◆ TASK
All of the entries below are to be copied without any alteration.
▼
lemma delta_inv_eqI:
  assumes "s \<in> S'" "p \<in> Q" "\<delta> p s = q"
  shows "delta_inv Q \<delta> q s = p"
proof -
  have "q \<in> Q" using M assms unfolding inv_rev_transducer_def by blast
  then have "\<exists>!q'. q' \<in> Q \<and> \<delta> q' s = q" using M assms(1) by (simp add: inv_rev_transducer_def)
  then show ?thesis unfolding delta_inv_def using assms(2,3) by (blast intro: the1_equality)
qed

lemma delta_inv_in:
  assumes "q \<in> Q" "s \<in> S'"
  shows "delta_inv Q \<delta> q s \<in> Q"
proof -
  have "\<exists>!p. p \<in> Q \<and> \<delta> p s = q" using M assms unfolding inv_rev_transducer_def by blast
  then have "delta_inv Q \<delta> q s \<in> Q \<and> \<delta> (delta_inv Q \<delta> q s) s = q"
    unfolding delta_inv_def by (rule theI')
  then show ?thesis ..
qed

lemma tr_state_in: "w \<in> words S' \<Longrightarrow> tr_state Q q0 \<delta> w \<in> Q"
proof (induction w rule: rev_induct)
  case (snoc x w)
  obtain s b where "x = (s, b)" by fastforce
  with snoc M show ?case
    by (cases b) (auto simp: tr_state_snoc words_def inv_rev_transducer_def delta_inv_in)
qed (use M in \<open>simp add: inv_rev_transducer_def\<close>)

lemma tr_out_in: "\<lbrakk>q \<in> Q; s \<in> S'\<rbrakk> \<Longrightarrow> fst (tr_out Q \<delta> \<eta> q (s, b)) \<in> T'"
  using M delta_inv_in by (cases b) (auto simp: inv_rev_transducer_def)

lemma tr_fun_letters: "w \<in> words S' \<Longrightarrow> fst ` set (tr_fun Q q0 \<delta> \<eta> w) \<subseteq> T'"
proof (induction w rule: rev_induct)
  case (snoc x w)
  obtain s b where "x = (s, b)" by fastforce
  with snoc show ?case by (auto simp: tr_fun_snoc words_def tr_state_in tr_out_in)
qed simp

end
▲
◆ EXERCISE SOLUTION
lemma delta_inv_eqI:
  assumes "s \<in> S'" "p \<in> Q" "\<delta> p s = q"
  shows "delta_inv Q \<delta> q s = p"
proof -
  have "q \<in> Q" using M assms unfolding inv_rev_transducer_def by blast
  then have "\<exists>!q'. q' \<in> Q \<and> \<delta> q' s = q" using M assms(1) by (simp add: inv_rev_transducer_def)
  then show ?thesis unfolding delta_inv_def using assms(2,3) by (blast intro: the1_equality)
qed

lemma delta_inv_in:
  assumes "q \<in> Q" "s \<in> S'"
  shows "delta_inv Q \<delta> q s \<in> Q"
proof -
  have "\<exists>!p. p \<in> Q \<and> \<delta> p s = q" using M assms unfolding inv_rev_transducer_def by blast
  then have "delta_inv Q \<delta> q s \<in> Q \<and> \<delta> (delta_inv Q \<delta> q s) s = q"
    unfolding delta_inv_def by (rule theI')
  then show ?thesis ..
qed

lemma tr_state_in: "w \<in> words S' \<Longrightarrow> tr_state Q q0 \<delta> w \<in> Q"
proof (induction w rule: rev_induct)
  case (snoc x w)
  obtain s b where "x = (s, b)" by fastforce
  with snoc M show ?case
    by (cases b) (auto simp: tr_state_snoc words_def inv_rev_transducer_def delta_inv_in)
qed (use M in \<open>simp add: inv_rev_transducer_def\<close>)

lemma tr_out_in: "\<lbrakk>q \<in> Q; s \<in> S'\<rbrakk> \<Longrightarrow> fst (tr_out Q \<delta> \<eta> q (s, b)) \<in> T'"
  using M delta_inv_in by (cases b) (auto simp: inv_rev_transducer_def)

lemma tr_fun_letters: "w \<in> words S' \<Longrightarrow> fst ` set (tr_fun Q q0 \<delta> \<eta> w) \<subseteq> T'"
proof (induction w rule: rev_induct)
  case (snoc x w)
  obtain s b where "x = (s, b)" by fastforce
  with snoc show ?case by (auto simp: tr_fun_snoc words_def tr_state_in tr_out_in)
qed simp

end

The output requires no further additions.